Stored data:
════════

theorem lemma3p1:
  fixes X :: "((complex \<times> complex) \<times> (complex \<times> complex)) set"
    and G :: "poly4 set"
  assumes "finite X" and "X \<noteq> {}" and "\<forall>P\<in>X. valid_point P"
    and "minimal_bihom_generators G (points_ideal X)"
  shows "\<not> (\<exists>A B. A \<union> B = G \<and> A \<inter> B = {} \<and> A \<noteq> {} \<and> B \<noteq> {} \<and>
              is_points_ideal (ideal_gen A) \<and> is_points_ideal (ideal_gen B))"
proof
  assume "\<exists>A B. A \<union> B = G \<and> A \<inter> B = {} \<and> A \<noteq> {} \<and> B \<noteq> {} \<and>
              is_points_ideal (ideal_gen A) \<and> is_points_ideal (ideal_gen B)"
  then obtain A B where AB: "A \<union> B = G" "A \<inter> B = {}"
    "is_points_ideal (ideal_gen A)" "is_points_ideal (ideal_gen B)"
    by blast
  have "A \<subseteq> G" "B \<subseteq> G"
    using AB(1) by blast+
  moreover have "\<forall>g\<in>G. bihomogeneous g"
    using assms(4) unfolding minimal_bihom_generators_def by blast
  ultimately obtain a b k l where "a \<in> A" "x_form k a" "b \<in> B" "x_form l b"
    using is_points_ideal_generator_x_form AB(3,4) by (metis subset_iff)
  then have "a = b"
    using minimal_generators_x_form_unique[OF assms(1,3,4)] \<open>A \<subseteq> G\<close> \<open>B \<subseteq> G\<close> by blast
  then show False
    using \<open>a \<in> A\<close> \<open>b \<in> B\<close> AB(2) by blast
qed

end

════════

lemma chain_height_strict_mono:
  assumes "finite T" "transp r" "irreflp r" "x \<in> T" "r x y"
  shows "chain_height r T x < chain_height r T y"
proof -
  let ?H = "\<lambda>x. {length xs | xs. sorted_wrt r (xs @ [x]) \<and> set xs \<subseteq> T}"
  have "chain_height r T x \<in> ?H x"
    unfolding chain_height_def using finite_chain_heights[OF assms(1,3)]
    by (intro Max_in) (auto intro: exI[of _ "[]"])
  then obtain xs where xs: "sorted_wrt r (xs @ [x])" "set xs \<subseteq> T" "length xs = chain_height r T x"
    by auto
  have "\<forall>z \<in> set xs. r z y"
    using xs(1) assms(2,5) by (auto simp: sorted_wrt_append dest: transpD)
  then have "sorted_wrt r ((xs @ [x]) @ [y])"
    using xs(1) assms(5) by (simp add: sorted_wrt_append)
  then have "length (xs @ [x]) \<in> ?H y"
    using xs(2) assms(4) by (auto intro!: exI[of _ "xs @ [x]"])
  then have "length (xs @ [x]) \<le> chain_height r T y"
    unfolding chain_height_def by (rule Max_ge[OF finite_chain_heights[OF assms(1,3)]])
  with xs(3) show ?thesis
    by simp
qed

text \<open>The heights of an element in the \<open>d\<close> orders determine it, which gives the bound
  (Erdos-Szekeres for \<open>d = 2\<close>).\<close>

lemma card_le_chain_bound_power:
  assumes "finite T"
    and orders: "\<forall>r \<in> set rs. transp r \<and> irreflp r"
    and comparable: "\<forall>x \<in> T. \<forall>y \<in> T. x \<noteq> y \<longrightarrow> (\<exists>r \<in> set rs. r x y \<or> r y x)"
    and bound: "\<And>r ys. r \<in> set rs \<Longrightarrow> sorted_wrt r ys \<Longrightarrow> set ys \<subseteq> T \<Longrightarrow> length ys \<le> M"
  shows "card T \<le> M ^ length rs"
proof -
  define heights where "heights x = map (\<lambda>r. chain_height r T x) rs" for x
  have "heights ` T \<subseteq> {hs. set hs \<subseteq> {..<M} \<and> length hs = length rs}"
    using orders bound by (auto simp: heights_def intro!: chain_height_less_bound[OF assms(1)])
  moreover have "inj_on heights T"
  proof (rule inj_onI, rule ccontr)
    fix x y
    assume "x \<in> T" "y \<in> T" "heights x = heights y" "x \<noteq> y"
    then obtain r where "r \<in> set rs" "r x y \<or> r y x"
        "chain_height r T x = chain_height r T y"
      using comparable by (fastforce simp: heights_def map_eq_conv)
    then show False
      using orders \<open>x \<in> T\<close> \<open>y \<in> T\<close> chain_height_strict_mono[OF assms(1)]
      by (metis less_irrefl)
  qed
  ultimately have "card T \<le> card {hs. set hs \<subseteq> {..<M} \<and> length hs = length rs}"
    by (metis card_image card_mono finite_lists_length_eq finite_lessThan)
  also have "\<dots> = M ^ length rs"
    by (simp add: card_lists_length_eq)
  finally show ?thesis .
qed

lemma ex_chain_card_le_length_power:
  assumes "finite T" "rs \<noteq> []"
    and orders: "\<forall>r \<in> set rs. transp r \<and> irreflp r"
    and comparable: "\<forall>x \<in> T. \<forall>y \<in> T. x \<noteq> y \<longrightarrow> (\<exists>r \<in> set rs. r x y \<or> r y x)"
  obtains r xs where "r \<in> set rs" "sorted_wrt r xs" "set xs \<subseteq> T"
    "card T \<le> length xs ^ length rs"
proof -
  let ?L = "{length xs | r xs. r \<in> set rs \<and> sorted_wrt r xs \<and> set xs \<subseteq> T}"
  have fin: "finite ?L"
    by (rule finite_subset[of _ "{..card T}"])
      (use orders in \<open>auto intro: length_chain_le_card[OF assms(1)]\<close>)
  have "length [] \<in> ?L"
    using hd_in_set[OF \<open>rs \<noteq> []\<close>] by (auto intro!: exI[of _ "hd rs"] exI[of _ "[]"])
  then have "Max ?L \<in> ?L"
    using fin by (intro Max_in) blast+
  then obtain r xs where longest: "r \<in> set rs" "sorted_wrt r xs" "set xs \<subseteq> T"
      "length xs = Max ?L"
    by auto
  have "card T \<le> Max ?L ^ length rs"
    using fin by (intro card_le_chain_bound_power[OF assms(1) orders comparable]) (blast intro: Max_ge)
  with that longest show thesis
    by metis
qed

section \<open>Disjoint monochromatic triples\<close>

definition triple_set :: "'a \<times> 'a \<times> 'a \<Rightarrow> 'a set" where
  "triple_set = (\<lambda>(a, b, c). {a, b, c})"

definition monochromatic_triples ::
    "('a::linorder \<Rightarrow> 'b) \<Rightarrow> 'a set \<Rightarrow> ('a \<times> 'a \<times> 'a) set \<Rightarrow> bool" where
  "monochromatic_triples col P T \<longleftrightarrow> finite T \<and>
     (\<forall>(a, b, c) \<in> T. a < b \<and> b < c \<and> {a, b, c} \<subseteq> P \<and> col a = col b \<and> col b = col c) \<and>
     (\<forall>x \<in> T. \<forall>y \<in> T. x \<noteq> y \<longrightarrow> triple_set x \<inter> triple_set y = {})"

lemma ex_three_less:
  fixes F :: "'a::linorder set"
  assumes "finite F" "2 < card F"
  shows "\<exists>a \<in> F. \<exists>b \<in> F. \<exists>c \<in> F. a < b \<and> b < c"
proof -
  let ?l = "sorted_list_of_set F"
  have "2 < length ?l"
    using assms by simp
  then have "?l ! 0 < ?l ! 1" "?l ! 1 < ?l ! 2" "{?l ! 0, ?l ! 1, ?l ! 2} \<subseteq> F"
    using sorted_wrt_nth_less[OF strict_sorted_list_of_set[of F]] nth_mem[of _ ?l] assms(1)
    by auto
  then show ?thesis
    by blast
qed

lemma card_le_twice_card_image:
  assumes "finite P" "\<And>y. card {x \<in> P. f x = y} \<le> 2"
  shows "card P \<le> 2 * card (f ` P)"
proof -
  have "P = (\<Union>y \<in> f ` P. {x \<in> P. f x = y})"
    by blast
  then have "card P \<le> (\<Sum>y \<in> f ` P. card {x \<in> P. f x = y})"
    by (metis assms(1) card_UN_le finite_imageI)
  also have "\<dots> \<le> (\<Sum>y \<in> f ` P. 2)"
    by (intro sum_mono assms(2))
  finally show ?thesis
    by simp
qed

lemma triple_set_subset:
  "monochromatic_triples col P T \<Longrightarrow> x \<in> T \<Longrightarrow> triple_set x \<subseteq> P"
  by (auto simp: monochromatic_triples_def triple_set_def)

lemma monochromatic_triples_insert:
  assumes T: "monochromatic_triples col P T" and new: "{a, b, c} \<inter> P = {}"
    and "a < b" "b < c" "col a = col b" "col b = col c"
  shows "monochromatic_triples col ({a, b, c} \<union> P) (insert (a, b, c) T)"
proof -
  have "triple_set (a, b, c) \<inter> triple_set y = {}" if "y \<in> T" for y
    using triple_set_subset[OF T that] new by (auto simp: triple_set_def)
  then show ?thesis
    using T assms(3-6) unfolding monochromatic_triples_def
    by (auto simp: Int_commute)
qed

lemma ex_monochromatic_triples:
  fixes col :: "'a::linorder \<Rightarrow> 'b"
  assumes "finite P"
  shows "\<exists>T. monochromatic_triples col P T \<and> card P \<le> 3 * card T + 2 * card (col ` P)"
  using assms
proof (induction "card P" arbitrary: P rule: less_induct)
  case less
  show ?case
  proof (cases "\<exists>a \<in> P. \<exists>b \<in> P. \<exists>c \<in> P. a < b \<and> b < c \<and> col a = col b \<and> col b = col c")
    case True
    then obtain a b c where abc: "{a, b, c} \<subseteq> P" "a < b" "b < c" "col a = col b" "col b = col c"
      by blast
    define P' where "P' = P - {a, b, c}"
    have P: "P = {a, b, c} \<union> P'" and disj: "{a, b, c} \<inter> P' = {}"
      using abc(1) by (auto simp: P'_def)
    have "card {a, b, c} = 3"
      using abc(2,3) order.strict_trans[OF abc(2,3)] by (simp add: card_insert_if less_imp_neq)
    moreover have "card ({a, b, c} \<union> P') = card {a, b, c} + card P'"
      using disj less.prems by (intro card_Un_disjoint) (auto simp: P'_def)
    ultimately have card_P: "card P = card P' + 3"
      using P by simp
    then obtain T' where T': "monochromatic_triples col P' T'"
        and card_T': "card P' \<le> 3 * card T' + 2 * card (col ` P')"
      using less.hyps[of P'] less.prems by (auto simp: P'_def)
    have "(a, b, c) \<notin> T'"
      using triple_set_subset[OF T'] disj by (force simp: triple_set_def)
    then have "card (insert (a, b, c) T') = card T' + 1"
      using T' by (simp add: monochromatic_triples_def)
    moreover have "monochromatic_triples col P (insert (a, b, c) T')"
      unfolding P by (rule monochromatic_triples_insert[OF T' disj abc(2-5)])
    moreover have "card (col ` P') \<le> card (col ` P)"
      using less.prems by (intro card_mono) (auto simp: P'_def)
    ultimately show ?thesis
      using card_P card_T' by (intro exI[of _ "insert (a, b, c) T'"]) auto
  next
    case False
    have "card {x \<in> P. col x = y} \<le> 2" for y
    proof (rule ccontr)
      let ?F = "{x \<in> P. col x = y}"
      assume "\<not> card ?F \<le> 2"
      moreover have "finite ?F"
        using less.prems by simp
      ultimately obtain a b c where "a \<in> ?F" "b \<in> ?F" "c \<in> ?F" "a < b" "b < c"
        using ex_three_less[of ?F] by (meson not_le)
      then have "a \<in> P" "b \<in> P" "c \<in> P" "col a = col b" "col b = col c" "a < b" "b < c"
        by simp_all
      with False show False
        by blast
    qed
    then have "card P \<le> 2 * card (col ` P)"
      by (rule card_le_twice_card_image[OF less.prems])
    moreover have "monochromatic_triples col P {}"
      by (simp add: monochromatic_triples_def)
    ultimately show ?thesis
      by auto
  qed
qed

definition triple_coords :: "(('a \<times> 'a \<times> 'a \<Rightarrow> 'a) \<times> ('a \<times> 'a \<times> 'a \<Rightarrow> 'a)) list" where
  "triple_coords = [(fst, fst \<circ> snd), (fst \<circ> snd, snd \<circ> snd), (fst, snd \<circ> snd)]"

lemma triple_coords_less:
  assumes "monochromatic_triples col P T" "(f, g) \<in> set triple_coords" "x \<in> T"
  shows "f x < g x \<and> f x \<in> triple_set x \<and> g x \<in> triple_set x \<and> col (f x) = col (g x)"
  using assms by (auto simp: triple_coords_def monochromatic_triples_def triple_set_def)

════════

What you will do: Your answer should be the lines of the records that hold the string "with".

Answer space:
  with xs(3) show ?thesis
  with that longest show thesis
      with False show False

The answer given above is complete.